Please repeat the lines below, exactly and only, from the one that holds "define q where" through the one that holds "define g where".

──────── Data to process ────────

lemma conditional_payoff_eq:
  assumes i: "i \<in> {1..n}" and others: "\<forall>j\<in>{1..n}. j \<noteq> i \<longrightarrow> \<sigma> j = \<tau>"
  shows "(\<Sum>s\<in>signal_profiles n. sig_prob p n \<omega> s *
            (\<Sum>a\<in>action_profiles n. act_prob n \<sigma> s a * payoff B n i a \<omega>))
    = (if \<omega> = H then 1 else -1) * commit_prob p (\<sigma> i) \<omega> * binom_tail (n-1) (B-1) (commit_prob p \<tau> \<omega>)"
proof -
  define u :: real where "u = (if \<omega> = H then 1 else -1)"
  define r where "r = (\<lambda>j. commit_prob p (\<sigma> j) \<omega>)"
  define q where "q = commit_prob p \<tau> \<omega>"
  define J where "J = {1..n} - {i}"
  have IJ: "{1..n} = insert i J" and "i \<notin> J" "finite J" "card J = n - 1"
    using i by (auto simp: J_def)
  define g where "g = (\<lambda>S. (if B \<le> card S then u else 0) * (\<Prod>j\<in>{1..n}. if j \<in> S then r j else 1 - r j))"
  have "(\<Sum>s\<in>signal_profiles n. sig_prob p n \<omega> s *
            (\<Sum>a\<in>action_profiles n. act_prob n \<sigma> s a * payoff B n i a \<omega>))
      = (\<Sum>S\<in>Pow {1..n}. if i \<in> S then g S else 0)"
    unfolding sum_signal_profiles_Pow
  proof (intro sum.cong refl)
    fix S assume "S \<in> Pow {1..n}"
    then have "{j\<in>{1..n}. restrict (\<lambda>j. j \<in> S) {1..n} j} = S" by (intro Collect_restrict_mem) simp
    with i show "payoff B n i (restrict (\<lambda>j. j \<in> S) {1..n}) \<omega> *
        (\<Prod>j\<in>{1..n}. if j \<in> S then commit_prob p (\<sigma> j) \<omega> else 1 - commit_prob p (\<sigma> j) \<omega>)
      = (if i \<in> S then g S else 0)"
      unfolding payoff_def funded_def g_def u_def r_def by auto
  qed
  also have "\<dots> = (\<Sum>T\<in>Pow J. g (insert i T))"
    unfolding IJ using \<open>finite J\<close> \<open>i \<notin> J\<close> by (rule sum_Pow_insert_mem)
  also have "\<dots> = u * r i * (\<Sum>T\<in>Pow J. (\<Prod>j\<in>J. if j \<in> T then q else 1 - q) *
      (if B - 1 \<le> card T then 1 else 0))"
    unfolding sum_distrib_left
  proof (rule sum.cong[OF refl])
    fix T assume "T \<in> Pow J"
    then have "card (insert i T) = Suc (card T)"
      using \<open>i \<notin> J\<close> \<open>finite J\<close> by (auto intro: card_insert_disjoint finite_subset)
    moreover have "(\<Prod>j\<in>J. if j \<in> insert i T then r j else 1 - r j) = (\<Prod>j\<in>J. if j \<in> T then q else 1 - q)"
      using \<open>i \<notin> J\<close> others by (intro prod.cong) (auto simp: r_def q_def J_def)
    ultimately show "g (insert i T) = u * r i * ((\<Prod>j\<in>J. if j \<in> T then q else 1 - q) *
        (if B - 1 \<le> card T then 1 else 0))"
      unfolding g_def IJ using \<open>i \<notin> J\<close> \<open>finite J\<close> by auto
  qed
  also have "\<dots> = u * r i * binom_tail (n-1) (B-1) q"
    unfolding binom_tail_def \<open>card J = n - 1\<close>[symmetric]
    using sum_Pow_bernoulli_card[OF \<open>finite J\<close>, where F="\<lambda>l. if B - 1 \<le> l then 1 else 0"] by simp
  finally show ?thesis by (simp add: u_def r_def q_def)
qed
(* Let $X_1,X_2,\dots$ be i.i.d. $\mathbb{Z}$-valued random variables and $S_n=\sum_{j=1}^nX_j$. For every $N\in\mathbb{N}\setminus\{1\}$, $$\frac{1}{1+\sum_{i=1}^{N-1}P\{S_i\in[i]_N\}}\le\mathbb{P}^{(N)}_{\mathcal{R}}\Big(\bigcup_{n=1}^N\{\mathcal{R}^{(N)}_n=(n\bmod N)\}\Big)\le\frac{2}{1+\sum_{i=1}^{N-1}P\{S_i\in[i]_N\}}.$$
   Context: $X_j$ live on $(\Omega,\mathcal{F},P)$. $[y]_N=\{y+kN:k\in\mathbb{Z}\}$. For $N\in\mathbb{N}$, $X^{(N)}_0$ is uniform on $\{0,\dots,N-1\}$ under $(\Omega_N,\mathcal{F}_N,\mu_N)$; $(b\bmod N)$ is the remainder of $b\in\mathbb{Z}$ divided by $N$; $\mathcal{R}^{(N)}_n=(X^{(N)}_0+S_n\bmod N)$; $\mathbb{P}^{(N)}_{\mathcal{R}}=\mu_N\times P$. *)

theory Defs
  imports "HOL-Probability.Probability"
begin

definition partial_sum :: "(nat \<Rightarrow> 'a \<Rightarrow> int) \<Rightarrow> nat \<Rightarrow> 'a \<Rightarrow> int" where
  "partial_sum X n \<omega> = (\<Sum>j\<in>{1..n}. X j \<omega>)"

text \<open>The product space mu_N x P, with X_0^(N) uniform on {0,...,N-1}.\<close>
definition R_space :: "nat \<Rightarrow> 'a measure \<Rightarrow> (nat \<times> 'a) measure" where
  "R_space N M = measure_pmf (pmf_of_set {0..<N}) \<Otimes>\<^sub>M M"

────────

■ **Task solution**
  define q where "q = commit_prob p \<tau> \<omega>"
  define J where "J = {1..n} - {i}"
  have IJ: "{1..n} = insert i J" and "i \<notin> J" "finite J" "card J = n - 1"
    using i by (auto simp: J_def)
  define g where "g = (\<lambda>S. (if B \<le> card S then u else 0) * (\<Prod>j\<in>{1..n}. if j \<in> S then r j else 1 - r j))"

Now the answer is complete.